Member of the National Assembly of South Africa
- In office 4 May 2017 – 28 May 2024
- Preceded by: Agnes Qikani

Personal details
- Born: Terence Skhumbuzo Mpanza 4 October 1964 (age 61)
- Party: African National Congress
- Alma mater: University of Natal (BA)
- Profession: Politician
- Committees: Portfolio Committee on International Relations and Cooperation

= Terence Mpanza =

South African politician (b. 1964)

Terence Skhumbuzo Mpanza (born 4 October 1964) is a South African politician. He is a former Member of the National Assembly of South Africa. Mpanza is a member of the African National Congress.

==Education==
Mpanza holds a Bachelor of Arts (BA) from the University of Natal.

==Political career==
Mpanza became involved in politics while at university. He was a member of the South African Student Congress and served on the leadership of the organisation at the University of Natal. He served on the Students' Representative Council (SRC) at the University of Natal. Mpanza was a South African Municipal Workers' Union shop steward at the Msunduzi Local Municipality. He has also been a regional treasurer, regional chairperson, provincial chairperson and a member of the National Executive Committee of SAMWU. He formerly served as the secretary-general of South African National Civics Organisation.

===Parliament===
Mpanza became a member of the National Assembly on 4 May 2017. He replaced Agnes Qikani, who resigned. On 23 May 2017, he became an alternate member of the Committee On Auditor-General and a member of the Portfolio Committee On Transport.

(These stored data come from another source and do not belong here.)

(* Let $(x^*,y^* )$ be an optimal solution of the LP relaxation of forest cover on $(G,w)$, $G^*$ the subgraph with vertex set $\{i:x^*_i>0\}$ and edge set $\{(i,j):y^*_{ij}>0\}$, and $C=(V_C,E_C)$ any connected component of $G^*$ with at least one edge. Let $M$ be a minimum spanning tree of $C$ (w.r.t. $w$) computed by Kruskal's algorithm and $T=(V_T,E_T)$ the tree obtained from $M$ by deleting every degree-one vertex $i$ of $M$ with $x^*_i<1/2$ together with its incident edge. Then $$\sum_{i\in V_C}x^*_i-\sum_{(i,j)\in E_C}y^*_{ij}(1-w_{ij})\;\ge\;\frac12\Big[|V_T|-\sum_{(i,j)\in E_T}(1-w_{ij})\Big].$$
   Context: Graph $G=(V,E)$ with edge weights $w:E\to[0,1]$. For $S\subseteq V$, $E(S)$ denotes the edges with both endpoints in $S$. The LP relaxation of forest cover: minimize $\sum_{i\in V}x_i-\sum_{(i,j)\in E}y_{ij}(1-w_{ij})$ subject to $x_i+x_j\ge1$ and $x_i\ge y_{ij}$, $x_j\ge y_{ij}$ for all $(i,j)\in E$; $\sum_{i\in S}x_i-\sum_{(i,j)\in E(S)}y_{ij}\ge1$ for all $S\subseteq V$ with $E(S)\ne\emptyset$; $0\le x,y\le1$. *)

theory Defs
  imports Complex_Main
begin

definition graph :: "'a set \<Rightarrow> 'a set set \<Rightarrow> bool" where
  "graph V E \<longleftrightarrow> finite V \<and> (\<forall>e\<in>E. \<exists>i j. i \<noteq> j \<and> e = {i, j} \<and> i \<in> V \<and> j \<in> V)"

definition induced_edges :: "'a set set \<Rightarrow> 'a set \<Rightarrow> 'a set set" where
  "induced_edges E S = {e \<in> E. e \<subseteq> S}"

definition fc_feasible :: "'a set \<Rightarrow> 'a set set \<Rightarrow> ('a \<Rightarrow> real) \<Rightarrow> ('a set \<Rightarrow> real) \<Rightarrow> bool" where
  "fc_feasible V E x y \<longleftrightarrow>
     (\<forall>i j. {i, j} \<in> E \<longrightarrow> x i + x j \<ge> 1 \<and> x i \<ge> y {i, j} \<and> x j \<ge> y {i, j}) \<and>
     (\<forall>S. S \<subseteq> V \<and> induced_edges E S \<noteq> {} \<longrightarrow>
          (\<Sum>i\<in>S. x i) - (\<Sum>e\<in>induced_edges E S. y e) \<ge> 1) \<and>
     (\<forall>i\<in>V. 0 \<le> x i \<and> x i \<le> 1) \<and>
     (\<forall>e\<in>E. 0 \<le> y e \<and> y e \<le> 1)"

definition fc_objective :: "'a set \<Rightarrow> 'a set set \<Rightarrow> ('a set \<Rightarrow> real) \<Rightarrow> ('a \<Rightarrow> real) \<Rightarrow> ('a set \<Rightarrow> real) \<Rightarrow> real" where
  "fc_objective V E w x y = (\<Sum>i\<in>V. x i) - (\<Sum>e\<in>E. y e * (1 - w e))"

definition fc_optimal :: "'a set \<Rightarrow> 'a set set \<Rightarrow> ('a set \<Rightarrow> real) \<Rightarrow> ('a \<Rightarrow> real) \<Rightarrow> ('a set \<Rightarrow> real) \<Rightarrow> bool" where
  "fc_optimal V E w x y \<longleftrightarrow> fc_feasible V E x y \<and>
     (\<forall>x' y'. fc_feasible V E x' y' \<longrightarrow> fc_objective V E w x y \<le> fc_objective V E w x' y')"

definition adj :: "'a set set \<Rightarrow> 'a \<Rightarrow> 'a \<Rightarrow> bool" where
  "adj E u v \<longleftrightarrow> u \<noteq> v \<and> {u, v} \<in> E"

definition connected_comp :: "'a set \<Rightarrow> 'a set set \<Rightarrow> 'a set \<Rightarrow> bool" where
  "connected_comp V E C \<longleftrightarrow> (\<exists>u\<in>V. C = {v \<in> V. (adj E)\<^sup>*\<^sup>* u v})"

definition connected_on :: "'a set \<Rightarrow> 'a set set \<Rightarrow> bool" where
  "connected_on V F \<longleftrightarrow> (\<forall>u\<in>V. \<forall>v\<in>V. (adj F)\<^sup>*\<^sup>* u v)"

definition is_cycle :: "'a set set \<Rightarrow> 'a list \<Rightarrow> bool" where
  "is_cycle F cs \<longleftrightarrow> length cs \<ge> 3 \<and> distinct cs \<and>
     (\<forall>k. Suc k < length cs \<longrightarrow> adj F (cs ! k) (cs ! Suc k)) \<and>
     adj F (last cs) (hd cs)"

definition acyclic_edges :: "'a set set \<Rightarrow> bool" where
  "acyclic_edges F \<longleftrightarrow> (\<nexists>cs. is_cycle F cs)"

definition spanning_tree :: "'a set \<Rightarrow> 'a set set \<Rightarrow> 'a set set \<Rightarrow> bool" where
  "spanning_tree VC EC F \<longleftrightarrow> F \<subseteq> EC \<and> connected_on VC F \<and> acyclic_edges F"

definition min_spanning_tree :: "'a set \<Rightarrow> 'a set set \<Rightarrow> ('a set \<Rightarrow> real) \<Rightarrow> 'a set set \<Rightarrow> bool" where
  "min_spanning_tree VC EC w M \<longleftrightarrow> spanning_tree VC EC M \<and>
     (\<forall>F. spanning_tree VC EC F \<longrightarrow> (\<Sum>e\<in>M. w e) \<le> (\<Sum>e\<in>F. w e))"

definition degree :: "'a set set \<Rightarrow> 'a \<Rightarrow> nat" where
  "degree F i = card {e \<in> F. i \<in> e}"

end

theory Submission
  imports Defs "HOL-Library.Transitive_Closure_Table" "HOL-Analysis.Henstock_Kurzweil_Integration"
begin

text \<open>Root M at a vertex r with x r \<ge> 1/2; one exists because x i + x j \<ge> 1 on every
edge. For a threshold t, the edges of M lighter than t form a forest whose components are the
branches hanging from the tops: r and every vertex whose parent edge has weight at least t.
By the cycle property of minimum spanning trees every edge of C lighter than t lies inside a
single branch, so the LP values of the branches (the left-hand sides of their subset
constraints, counting light edges only) sum to at most the sum of x over C minus the sum of y
over the light edges of C. A branch
containing an edge has value at least 1. A singleton branch {z} with z \<notin> L and x z < 1/2
has a child c at the top of its own branch, and the subset constraint for {z} \<union> branch c
pays 1 for both. Hence the branch values sum to at least half the number of tops outside L,
which is at least |V_T| - |{e \<in> E_T. w e < t}|. Integrating over t \<in> [0,1] turns the
indicator of w e < t into 1 - w e.\<close>

section \<open>Walks, cycles and minimum spanning trees\<close>

lemma symp_adj: "symp (adj H)"
  by (auto simp: adj_def insert_commute intro: sympI)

On 21 January 2019, Mpanza and SANCO president Richard Mdakane appeared in the Durban Magistrate's court over graft charges. They are accused of creating false invoices for a skills development project and allegedly channelling more than R1 million to themselves.

Mpanza was placed on the ANC's national list for the 2019 general election and was re-elected at the election. He currently serves on the Portfolio Committee on International Relations and Cooperation.

During a committee meeting in October 2020, Mpanza said that the lack of female South African candidates to fill positions on the African Union Commission was highly unacceptable and could not be tolerated that the principles of gender equality and representation were not considered.

Mpanza did not seek reelection in 2024 and left parliament.